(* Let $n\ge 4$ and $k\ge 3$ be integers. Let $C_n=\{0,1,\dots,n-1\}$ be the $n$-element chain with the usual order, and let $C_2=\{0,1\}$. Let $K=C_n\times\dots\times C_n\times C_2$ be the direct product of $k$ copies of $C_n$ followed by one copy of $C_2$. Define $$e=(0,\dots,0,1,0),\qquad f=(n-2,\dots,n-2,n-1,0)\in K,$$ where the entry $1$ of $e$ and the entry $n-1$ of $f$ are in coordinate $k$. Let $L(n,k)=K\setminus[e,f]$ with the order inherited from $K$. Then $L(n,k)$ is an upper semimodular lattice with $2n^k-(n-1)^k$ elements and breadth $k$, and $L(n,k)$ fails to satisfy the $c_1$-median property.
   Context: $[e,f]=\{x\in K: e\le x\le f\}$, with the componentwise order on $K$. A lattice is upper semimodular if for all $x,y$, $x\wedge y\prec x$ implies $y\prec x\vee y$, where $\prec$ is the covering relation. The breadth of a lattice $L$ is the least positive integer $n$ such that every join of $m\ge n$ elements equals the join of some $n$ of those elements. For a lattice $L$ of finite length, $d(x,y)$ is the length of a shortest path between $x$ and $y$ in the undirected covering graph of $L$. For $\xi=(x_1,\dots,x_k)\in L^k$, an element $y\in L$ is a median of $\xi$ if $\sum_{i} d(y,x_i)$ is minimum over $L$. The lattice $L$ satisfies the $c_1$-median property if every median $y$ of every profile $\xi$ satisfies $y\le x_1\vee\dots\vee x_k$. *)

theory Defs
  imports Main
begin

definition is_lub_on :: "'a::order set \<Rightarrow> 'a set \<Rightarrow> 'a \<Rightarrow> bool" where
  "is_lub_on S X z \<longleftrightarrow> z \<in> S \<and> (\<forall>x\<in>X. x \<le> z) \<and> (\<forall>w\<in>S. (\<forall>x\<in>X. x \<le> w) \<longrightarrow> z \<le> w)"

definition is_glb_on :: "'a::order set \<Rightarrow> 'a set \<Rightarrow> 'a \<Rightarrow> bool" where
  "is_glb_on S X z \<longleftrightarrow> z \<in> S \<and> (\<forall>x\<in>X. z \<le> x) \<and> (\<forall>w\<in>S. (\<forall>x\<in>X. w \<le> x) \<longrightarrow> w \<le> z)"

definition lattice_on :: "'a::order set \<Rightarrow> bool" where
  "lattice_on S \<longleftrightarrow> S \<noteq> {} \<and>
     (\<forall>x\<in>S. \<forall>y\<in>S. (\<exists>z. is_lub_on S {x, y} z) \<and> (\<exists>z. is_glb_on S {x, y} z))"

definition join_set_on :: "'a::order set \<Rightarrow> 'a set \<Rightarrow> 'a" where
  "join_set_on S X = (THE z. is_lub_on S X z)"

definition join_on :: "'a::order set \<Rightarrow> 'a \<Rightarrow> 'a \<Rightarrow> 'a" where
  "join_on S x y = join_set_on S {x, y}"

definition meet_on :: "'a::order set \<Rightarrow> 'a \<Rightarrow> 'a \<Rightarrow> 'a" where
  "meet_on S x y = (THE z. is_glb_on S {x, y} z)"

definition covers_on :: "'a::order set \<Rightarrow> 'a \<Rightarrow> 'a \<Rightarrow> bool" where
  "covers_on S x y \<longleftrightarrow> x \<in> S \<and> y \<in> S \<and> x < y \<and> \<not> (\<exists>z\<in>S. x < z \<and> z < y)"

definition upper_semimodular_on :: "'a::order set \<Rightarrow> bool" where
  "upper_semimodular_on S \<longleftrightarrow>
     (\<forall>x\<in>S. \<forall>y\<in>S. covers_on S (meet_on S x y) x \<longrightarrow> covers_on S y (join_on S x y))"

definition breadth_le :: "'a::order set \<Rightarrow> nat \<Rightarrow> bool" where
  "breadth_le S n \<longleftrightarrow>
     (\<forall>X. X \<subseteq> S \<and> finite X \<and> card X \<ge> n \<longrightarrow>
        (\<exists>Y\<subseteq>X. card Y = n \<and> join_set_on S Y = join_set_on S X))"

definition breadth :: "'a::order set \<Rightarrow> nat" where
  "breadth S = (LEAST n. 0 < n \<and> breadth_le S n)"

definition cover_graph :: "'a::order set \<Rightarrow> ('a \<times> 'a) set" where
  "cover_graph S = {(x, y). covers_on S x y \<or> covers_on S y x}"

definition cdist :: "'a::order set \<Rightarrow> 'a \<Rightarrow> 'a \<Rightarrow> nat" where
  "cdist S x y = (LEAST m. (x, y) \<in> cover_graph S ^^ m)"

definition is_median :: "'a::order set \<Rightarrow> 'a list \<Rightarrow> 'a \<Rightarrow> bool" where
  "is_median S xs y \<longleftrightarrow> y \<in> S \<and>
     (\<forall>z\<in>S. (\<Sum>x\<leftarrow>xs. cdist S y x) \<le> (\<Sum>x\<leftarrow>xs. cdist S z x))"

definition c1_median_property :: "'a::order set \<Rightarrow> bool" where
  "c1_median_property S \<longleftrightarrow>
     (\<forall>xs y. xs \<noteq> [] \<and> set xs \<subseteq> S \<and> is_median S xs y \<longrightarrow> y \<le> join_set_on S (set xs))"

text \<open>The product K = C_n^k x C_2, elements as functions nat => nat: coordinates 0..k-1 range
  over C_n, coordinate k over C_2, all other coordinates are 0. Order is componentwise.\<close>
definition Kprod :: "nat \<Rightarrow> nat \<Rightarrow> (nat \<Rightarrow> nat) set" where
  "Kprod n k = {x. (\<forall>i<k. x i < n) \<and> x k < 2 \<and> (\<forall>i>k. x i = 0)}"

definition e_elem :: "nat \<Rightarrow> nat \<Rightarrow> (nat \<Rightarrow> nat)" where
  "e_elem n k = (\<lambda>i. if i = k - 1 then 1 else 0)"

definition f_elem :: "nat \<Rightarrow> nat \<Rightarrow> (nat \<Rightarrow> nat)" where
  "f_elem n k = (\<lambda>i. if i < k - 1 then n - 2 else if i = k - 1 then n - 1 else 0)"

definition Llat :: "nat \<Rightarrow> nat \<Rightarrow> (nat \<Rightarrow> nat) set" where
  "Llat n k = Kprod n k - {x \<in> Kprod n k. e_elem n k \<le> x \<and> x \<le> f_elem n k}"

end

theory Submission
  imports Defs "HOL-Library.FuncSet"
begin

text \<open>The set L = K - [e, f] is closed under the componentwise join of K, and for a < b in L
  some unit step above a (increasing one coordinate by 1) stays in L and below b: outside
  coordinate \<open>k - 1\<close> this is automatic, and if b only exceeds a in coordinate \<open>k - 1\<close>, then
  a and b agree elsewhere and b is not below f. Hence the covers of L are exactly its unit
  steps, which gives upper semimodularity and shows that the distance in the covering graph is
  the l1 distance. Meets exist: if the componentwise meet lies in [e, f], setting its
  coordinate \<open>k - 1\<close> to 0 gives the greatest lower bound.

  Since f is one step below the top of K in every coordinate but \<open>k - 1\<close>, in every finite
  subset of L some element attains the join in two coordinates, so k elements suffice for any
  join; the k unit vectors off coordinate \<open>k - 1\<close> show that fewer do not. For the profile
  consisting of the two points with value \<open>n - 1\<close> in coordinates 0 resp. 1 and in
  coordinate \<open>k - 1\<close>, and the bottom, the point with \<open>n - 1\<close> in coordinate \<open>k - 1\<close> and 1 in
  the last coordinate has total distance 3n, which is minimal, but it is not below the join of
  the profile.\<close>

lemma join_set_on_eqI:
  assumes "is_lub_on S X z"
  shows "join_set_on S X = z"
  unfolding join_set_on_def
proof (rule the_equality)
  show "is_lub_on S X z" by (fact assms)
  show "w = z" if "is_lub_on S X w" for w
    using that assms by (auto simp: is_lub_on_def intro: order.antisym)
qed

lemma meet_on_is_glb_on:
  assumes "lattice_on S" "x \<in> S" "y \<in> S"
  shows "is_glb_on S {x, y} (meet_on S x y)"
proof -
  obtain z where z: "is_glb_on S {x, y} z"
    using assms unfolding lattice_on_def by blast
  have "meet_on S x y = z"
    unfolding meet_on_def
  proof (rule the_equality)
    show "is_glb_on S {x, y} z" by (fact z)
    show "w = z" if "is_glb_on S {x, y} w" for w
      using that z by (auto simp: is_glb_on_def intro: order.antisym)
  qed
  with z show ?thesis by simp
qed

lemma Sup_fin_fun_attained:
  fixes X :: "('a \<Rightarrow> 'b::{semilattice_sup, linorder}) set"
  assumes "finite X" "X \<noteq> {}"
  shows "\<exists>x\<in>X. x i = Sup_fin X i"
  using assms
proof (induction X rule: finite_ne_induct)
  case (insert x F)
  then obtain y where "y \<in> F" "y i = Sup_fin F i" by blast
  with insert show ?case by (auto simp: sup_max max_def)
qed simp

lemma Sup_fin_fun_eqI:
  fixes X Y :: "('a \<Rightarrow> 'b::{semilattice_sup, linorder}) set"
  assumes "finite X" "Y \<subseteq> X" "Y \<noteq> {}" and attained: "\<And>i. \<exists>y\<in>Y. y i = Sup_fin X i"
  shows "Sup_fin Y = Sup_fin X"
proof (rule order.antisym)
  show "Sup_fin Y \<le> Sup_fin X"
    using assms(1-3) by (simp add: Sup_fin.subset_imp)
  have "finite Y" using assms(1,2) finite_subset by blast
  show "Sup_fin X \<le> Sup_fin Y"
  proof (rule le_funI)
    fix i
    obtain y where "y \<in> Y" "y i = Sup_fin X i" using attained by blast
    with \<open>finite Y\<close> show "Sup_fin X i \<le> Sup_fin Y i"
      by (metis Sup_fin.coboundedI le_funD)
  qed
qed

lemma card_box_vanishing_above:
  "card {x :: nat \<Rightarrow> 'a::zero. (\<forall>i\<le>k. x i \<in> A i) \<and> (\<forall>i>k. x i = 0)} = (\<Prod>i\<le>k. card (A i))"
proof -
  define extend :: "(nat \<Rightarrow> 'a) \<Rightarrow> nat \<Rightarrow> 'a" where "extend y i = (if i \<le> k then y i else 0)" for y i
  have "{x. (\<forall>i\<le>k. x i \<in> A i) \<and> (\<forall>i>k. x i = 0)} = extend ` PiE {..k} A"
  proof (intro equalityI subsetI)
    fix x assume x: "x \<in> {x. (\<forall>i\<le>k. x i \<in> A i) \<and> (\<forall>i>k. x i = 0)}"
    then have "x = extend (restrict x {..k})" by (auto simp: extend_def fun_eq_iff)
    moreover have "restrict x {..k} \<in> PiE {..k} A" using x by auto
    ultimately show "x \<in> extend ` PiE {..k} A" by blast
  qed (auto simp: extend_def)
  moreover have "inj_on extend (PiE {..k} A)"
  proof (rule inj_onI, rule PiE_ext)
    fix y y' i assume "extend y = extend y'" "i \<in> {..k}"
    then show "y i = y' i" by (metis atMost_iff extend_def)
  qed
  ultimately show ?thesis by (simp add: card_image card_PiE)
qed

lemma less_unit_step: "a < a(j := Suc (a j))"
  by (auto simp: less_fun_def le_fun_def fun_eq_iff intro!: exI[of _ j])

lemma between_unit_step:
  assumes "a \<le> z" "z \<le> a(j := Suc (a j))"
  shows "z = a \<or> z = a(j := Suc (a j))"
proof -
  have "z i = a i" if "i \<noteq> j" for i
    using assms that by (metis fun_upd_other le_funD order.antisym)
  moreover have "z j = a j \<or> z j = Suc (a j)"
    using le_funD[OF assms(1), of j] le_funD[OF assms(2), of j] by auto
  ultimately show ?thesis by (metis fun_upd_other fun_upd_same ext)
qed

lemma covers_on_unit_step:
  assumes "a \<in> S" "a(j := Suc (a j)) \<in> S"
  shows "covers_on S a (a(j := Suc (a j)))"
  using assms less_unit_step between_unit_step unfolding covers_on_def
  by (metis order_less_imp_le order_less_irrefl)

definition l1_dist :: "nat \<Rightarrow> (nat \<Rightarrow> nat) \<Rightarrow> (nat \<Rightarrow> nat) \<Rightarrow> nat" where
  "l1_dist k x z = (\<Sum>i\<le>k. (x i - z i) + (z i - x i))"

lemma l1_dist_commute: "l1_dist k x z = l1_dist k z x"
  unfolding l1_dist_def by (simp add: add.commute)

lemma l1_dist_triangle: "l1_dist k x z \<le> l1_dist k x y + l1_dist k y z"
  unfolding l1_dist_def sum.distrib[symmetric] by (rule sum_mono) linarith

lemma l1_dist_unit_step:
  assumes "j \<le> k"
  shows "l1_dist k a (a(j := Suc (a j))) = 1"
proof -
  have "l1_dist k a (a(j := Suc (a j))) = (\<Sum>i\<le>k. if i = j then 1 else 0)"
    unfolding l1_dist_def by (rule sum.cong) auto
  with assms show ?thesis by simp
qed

EXERCISE OBJECTIVE: With the line holding "text \<open>The product" as the first and the line holding "some unit step" as the last, please transcribe exactly the lines of the material above in that range and nothing else.

FINISHED TASK:
text \<open>The product K = C_n^k x C_2, elements as functions nat => nat: coordinates 0..k-1 range
  over C_n, coordinate k over C_2, all other coordinates are 0. Order is componentwise.\<close>
definition Kprod :: "nat \<Rightarrow> nat \<Rightarrow> (nat \<Rightarrow> nat) set" where
  "Kprod n k = {x. (\<forall>i<k. x i < n) \<and> x k < 2 \<and> (\<forall>i>k. x i = 0)}"

definition e_elem :: "nat \<Rightarrow> nat \<Rightarrow> (nat \<Rightarrow> nat)" where
  "e_elem n k = (\<lambda>i. if i = k - 1 then 1 else 0)"

definition f_elem :: "nat \<Rightarrow> nat \<Rightarrow> (nat \<Rightarrow> nat)" where
  "f_elem n k = (\<lambda>i. if i < k - 1 then n - 2 else if i = k - 1 then n - 1 else 0)"

definition Llat :: "nat \<Rightarrow> nat \<Rightarrow> (nat \<Rightarrow> nat) set" where
  "Llat n k = Kprod n k - {x \<in> Kprod n k. e_elem n k \<le> x \<and> x \<le> f_elem n k}"

end

theory Submission
  imports Defs "HOL-Library.FuncSet"
begin

text \<open>The set L = K - [e, f] is closed under the componentwise join of K, and for a < b in L
  some unit step above a (increasing one coordinate by 1) stays in L and below b: outside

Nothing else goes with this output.